(* Let $(M,I,J,K)$ be a hypercomplex manifold of quaternionic dimension $n$, let $\Omega_1$ be a strictly positive $(2,0)$-form (w.r.t. $I$), i.e. $\Omega_1(z,\bar zJ)>0$ for every nonzero $(1,0)$-vector $z$, and let $\Omega_2$ be a q-real $(2,0)$-form on $M$. Then for each $x\in M$ there exists a basis $e_1,\bar e_1J,\dots,e_n,\bar e_nJ$ of $T^{1,0}_xM$ such that for all $i\ne j$ $$\Omega_1(e_i,e_j)=\Omega_2(e_i,e_j)=\Omega_1(e_i,\bar e_jJ)=\Omega_2(e_i,\bar e_jJ)=0.$$
   Context: A hypercomplex manifold $(M,I,J,K)$ carries three integrable complex structures with $I\circ J\circ K=-\mathrm{id}_{TM}$; endomorphisms act on tangent vectors from the right (written $v\mapsto vJ$, extended complex-linearly); types $(p,q)$ and $T^{1,0}M$ refer to $I$, and $J$ maps $T^{0,1}_xM$ to $T^{1,0}_xM$. An endomorphism $L$ acts on forms by $(L\alpha)(X_1,\dots,X_k)=\alpha(X_1L,\dots,X_kL)$. A $(2,0)$-form $\alpha$ is q-real if $J\alpha=\bar\alpha$. *)

theory Defs
  imports "HOL-Analysis.Analysis"
begin

text \<open>Pointwise linear-algebra model of a hypercomplex manifold at a point x.
  The real tangent space T_xM is a finite-dimensional real vector space 'v,
  I, J, K are real-linear endomorphisms acting from the right (v I is written I v,
  so v I J K is K (J (I v))).  The complexification T_xM (x) C is modelled as
  pairs (x, y) standing for x + i y.\<close>

definition cscale :: "complex \<Rightarrow> ('v::real_vector \<times> 'v) \<Rightarrow> 'v \<times> 'v" where
  "cscale c w = (Re c *\<^sub>R fst w - Im c *\<^sub>R snd w, Im c *\<^sub>R fst w + Re c *\<^sub>R snd w)"
text \<open>The restriction \<open>\<bar>y - x\<bar> \<le> x / 2\<close> leaves the decay \<open>exp (- x t / 2)\<close>, which keeps the
  remainder integrable.\<close>

lemma laplace_deriv_taylor_bound:
  assumes x: "0 < x" and y: "\<bar>y - x\<bar> \<le> x / 2"
  shows "\<bar>laplace_deriv n y - laplace_deriv n x - (y - x) * laplace_deriv (Suc n) x\<bar>
     \<le> (y - x)\<^sup>2 *
        integral\<^sup>L lborel (\<lambda>t. indicator {0<..} t * (t ^ (n + 2) * (exp (- (x / 2) * t) * \<nu> t)))"
proof -
  define h where "h = y - x"
  have y0: "0 < y" using x y abs_le_iff[of "y - x" "x / 2"] by linarith
  let ?F = "\<lambda>z k t. indicator {0<..} t * ((- t) ^ k * (exp (- z * t) * \<nu> t))"
  let ?B = "\<lambda>t. indicator {0<..} t * (t ^ (n + 2) * (exp (- (x / 2) * t) * \<nu> t))"
  have pointwise: "\<bar>?F y n t - ?F x n t - h * ?F x (Suc n) t\<bar> \<le> h\<^sup>2 * ?B t" for t
  proof (cases "0 < t")
    case True
    have e: "exp (- y * t) = exp (- x * t) * exp (- h * t)"
      by (simp add: h_def mult_exp_exp algebra_simps)
    have "?F y n t - ?F x n t - h * ?F x (Suc n) t
        = (- t) ^ n * (exp (- y * t) * \<nu> t) - (- t) ^ n * (exp (- x * t) * \<nu> t)
          - h * ((- t) ^ Suc n * (exp (- x * t) * \<nu> t))"
      using True by simp
    also have "\<dots> = (- t) ^ n * \<nu> t * exp (- x * t) * (exp (- h * t) - 1 - (- h * t))"
      by (simp only: e) (simp add: algebra_simps)
    also have "\<bar>\<dots>\<bar> = t ^ n * \<nu> t * exp (- x * t) * \<bar>exp (- h * t) - 1 - (- h * t)\<bar>"
      using True nonneg[OF True] by (simp add: abs_mult power_abs)
    also have "\<dots> \<le> t ^ n * \<nu> t * exp (- x * t) * (exp \<bar>- h * t\<bar> * (- h * t)\<^sup>2)"
      using True nonneg[OF True] by (intro mult_left_mono exp_taylor_remainder_le) auto
    also have "\<dots> = h\<^sup>2 * (t ^ (n + 2) * \<nu> t * (exp (- x * t) * exp (\<bar>h\<bar> * t)))"
      using True by (simp add: abs_mult power2_eq_square algebra_simps)
    also have "\<dots> \<le> h\<^sup>2 * (t ^ (n + 2) * \<nu> t * exp (- (x / 2) * t))"
    proof -
      have "- x * t + \<bar>h\<bar> * t \<le> - (x / 2) * t"
        using True y by (simp add: h_def algebra_simps mult_right_mono)
      then have "exp (- x * t) * exp (\<bar>h\<bar> * t) \<le> exp (- (x / 2) * t)" by (simp add: mult_exp_exp)
      then show ?thesis using True nonneg[OF True] by (intro mult_left_mono) auto
    qed
    also have "\<dots> = h\<^sup>2 * ?B t" using True by (simp add: algebra_simps)
    finally show ?thesis .
  qed simp
  have "laplace_deriv n y - laplace_deriv n x - h * laplace_deriv (Suc n) x
      = integral\<^sup>L lborel (\<lambda>t. ?F y n t - ?F x n t - h * ?F x (Suc n) t)"
    using integrable_laplace_deriv[OF y0, of n] integrable_laplace_deriv[OF x, of n]
      integrable_laplace_deriv[OF x, of "Suc n"]
    by (simp add: laplace_deriv_def)
  moreover have "\<bar>integral\<^sup>L lborel (\<lambda>t. ?F y n t - ?F x n t - h * ?F x (Suc n) t)\<bar>
      \<le> integral\<^sup>L lborel (\<lambda>t. h\<^sup>2 * ?B t)"
  proof (rule integral_abs_bound_integral)
    show "integrable lborel (\<lambda>t. ?F y n t - ?F x n t - h * ?F x (Suc n) t)"
      using integrable_laplace_deriv[OF y0, of n] integrable_laplace_deriv[OF x, of n]
        integrable_laplace_deriv[OF x, of "Suc n"] by simp
    show "integrable lborel (\<lambda>t. h\<^sup>2 * ?B t)"
      using integrable_moment[of "x / 2" "n + 2"] x by simp
  qed (rule pointwise)
  moreover have "integral\<^sup>L lborel (\<lambda>t. h\<^sup>2 * ?B t) = h\<^sup>2 * integral\<^sup>L lborel ?B"
    by (rule integral_mult_right_zero)
  ultimately show ?thesis unfolding h_def by (simp only:)
qed
lemma finite_partition_of_N_part_contains_AP:
  assumes "finite_partition_of_N \<P>"
  shows "\<exists>A\<in>\<P>. contains_AP K A"
proof -
  have "finite \<P>" and parts: "\<exists>A\<in>\<P>. Suc x \<in> A" for x
    using assms unfolding finite_partition_of_N_def by auto
  define part where "part x = (SOME A. A \<in> \<P> \<and> Suc x \<in> A)" for x
  have part: "part x \<in> \<P>" "Suc x \<in> part x" for x
    using someI_ex[OF parts[of x, unfolded Bex_def]] unfolding part_def by auto
  obtain N where "vdW_bound K \<P> N" using van_der_Waerden[OF \<open>finite \<P>\<close>] by blast
  moreover have "part ` {..<N} \<subseteq> \<P>" using part by auto
  ultimately obtain a e where "monochromatic_AP part K a e"
    unfolding vdW_bound_def by blast
  then have "\<forall>k\<le>K. Suc a + k * e \<in> part a"
    using part(2) unfolding monochromatic_AP_def by (metis add_Suc)
  then show ?thesis using \<open>monochromatic_AP part K a e\<close> part(1)
    unfolding contains_AP_def monochromatic_AP_def by blast
qed
lemma card_tails: "card ({..<n} \<inter> - {j. Z j i}) = n - heads n Z i"
proof -
  have "card ({..<n} \<inter> {j. Z j i}) + card ({..<n} \<inter> - {j. Z j i})
      = card ({..<n} \<inter> {j. Z j i} \<union> {..<n} \<inter> - {j. Z j i})"
    by (rule card_Un_disjoint[symmetric]) auto
  also have "{..<n} \<inter> {j. Z j i} \<union> {..<n} \<inter> - {j. Z j i} = {..<n}" by auto
  finally show ?thesis unfolding heads_def by simp
qed

lemma likelihood_eq_powers:
  "likelihood N n Z p = (\<Prod>i<N. p i ^ heads n Z i * (1 - p i) ^ (n - heads n Z i))"
proof -
  have "likelihood N n Z p = (\<Prod>i<N. \<Prod>j<n. if Z j i then p i else 1 - p i)"
    unfolding likelihood_def example_prob_def by (rule prod.swap)
  also have "\<dots> = (\<Prod>i<N. p i ^ heads n Z i * (1 - p i) ^ (n - heads n Z i))"
    by (intro prod.cong refl, subst prod.If_cases) (auto simp: card_tails heads_def)
  finally show ?thesis .
qed

lemma coin_times_likelihood_eq_powers:
  assumes "i < N"
  shows "p i * likelihood N n Z p
    = (\<Prod>j<N. p j ^ (heads n Z j + of_bool (j = i)) * (1 - p j) ^ (n - heads n Z j))"
proof -
  have "(\<Prod>j<N. p j ^ (heads n Z j + of_bool (j = i)) * (1 - p j) ^ (n - heads n Z j))
      = (\<Prod>j<N. p j ^ of_bool (j = i)) * likelihood N n Z p"
    unfolding likelihood_eq_powers prod.distrib[symmetric] by (simp add: power_add mult_ac)
  also have "(\<Prod>j<N. p j ^ of_bool (j = i)) = p i"
    using assms by (subst prod.cong[OF refl, of _ _ "\<lambda>j. if j = i then p j else 1"]) auto
  finally show ?thesis ..
qed
fun case_data :: "nat \<Rightarrow> X set \<times> X set \<times> (X \<Rightarrow> X \<Rightarrow> X set)" where
  "case_data k =
    (if k = 1 then ({a}, {a}, tabA {a} {c} {a,b})
     else if k = 2 then ({a}, {a}, tabA {a} {c} {a,b,c})
     else if k = 3 then ({a}, {a}, tabA {a,b} {c} {a,b})
     else if k = 4 then ({a}, {a}, tabA {a,b} {c} {a,b,c})
     else if k = 5 then ({a}, {a}, tabA {a,c} {b,c} {a,b})
     else if k = 6 then ({a}, {a}, tabA {a,c} {b,c} {a,b,c})
     else if k = 7 then ({a}, {a}, tabA {a,b,c} {b,c} {a,b,c})
     else if k = 8 then ({a}, {a}, tabA {b} {a,b,c} {b,c})
     else if k = 9 then ({a}, {a}, tabA {b} {a,b,c} {c})
     else if k = 10 then ({a}, {a}, tabA {c} {a} {b})
     else if k = 11 then ({a}, {a}, tabA {c} {a,b} {b,c})
     else if k = 12 then ({a}, {a}, tabA {b,c} {a,b,c} {b,c})
     else if k = 13 then ({a}, {b}, tabA {} {} {b})
     else if k = 14 then ({a}, {b}, tabA {} {} {b,c})
     else if k = 15 then ({a}, {b}, tabA {a} {c} {a,b})
     else if k = 16 then ({a}, {b}, tabA {a} {c} {a,b,c})
     else if k = 17 then ({a}, {b}, tabA {c} {a} {b})
     else if k = 18 then ({a}, {b}, tabA {c} {a,c} {a,b,c})
     else if k = 19 then ({a}, {b}, tabA {a,c} {a,c} {a,b})
     else if k = 20 then ({a}, {b}, tabA {a,c} {a,c} {a,b,c})
     else if k = 21 then ({a,b}, {a,b}, tabB {b})
     else if k = 22 then ({a,b}, {a,b}, tabB {b,c})
     else if k = 23 then ({a,b}, {a,c}, tabB {b})
     else if k = 24 then ({a,b}, {a,c}, tabB {})
     else ({a,b,c}, {a,b,c}, tabC))"

definition eta_k :: "nat \<Rightarrow> (unit \<times> X) set" where "eta_k k = unit_of (fst (case_data k))"
definition eps_k :: "nat \<Rightarrow> (X \<times> unit) set" where "eps_k k = counit_of (fst (snd (case_data k)))"
definition mu_k :: "nat \<Rightarrow> ((X \<times> X) \<times> X) set" where "mu_k k = mult_of (snd (snd (case_data k)))"

end

theory Submission
  imports Defs
begin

· · · · ·

[What you have to do] Output should match, line for line, the stretch of the material above from the line holding "else if k = 15" through the line holding "else if k = 24".

[Problem solution]
     else if k = 15 then ({a}, {b}, tabA {a} {c} {a,b})
     else if k = 16 then ({a}, {b}, tabA {a} {c} {a,b,c})
     else if k = 17 then ({a}, {b}, tabA {c} {a} {b})
     else if k = 18 then ({a}, {b}, tabA {c} {a,c} {a,b,c})
     else if k = 19 then ({a}, {b}, tabA {a,c} {a,c} {a,b})
     else if k = 20 then ({a}, {b}, tabA {a,c} {a,c} {a,b,c})
     else if k = 21 then ({a,b}, {a,b}, tabB {b})
     else if k = 22 then ({a,b}, {a,b}, tabB {b,c})
     else if k = 23 then ({a,b}, {a,c}, tabB {b})
     else if k = 24 then ({a,b}, {a,c}, tabB {})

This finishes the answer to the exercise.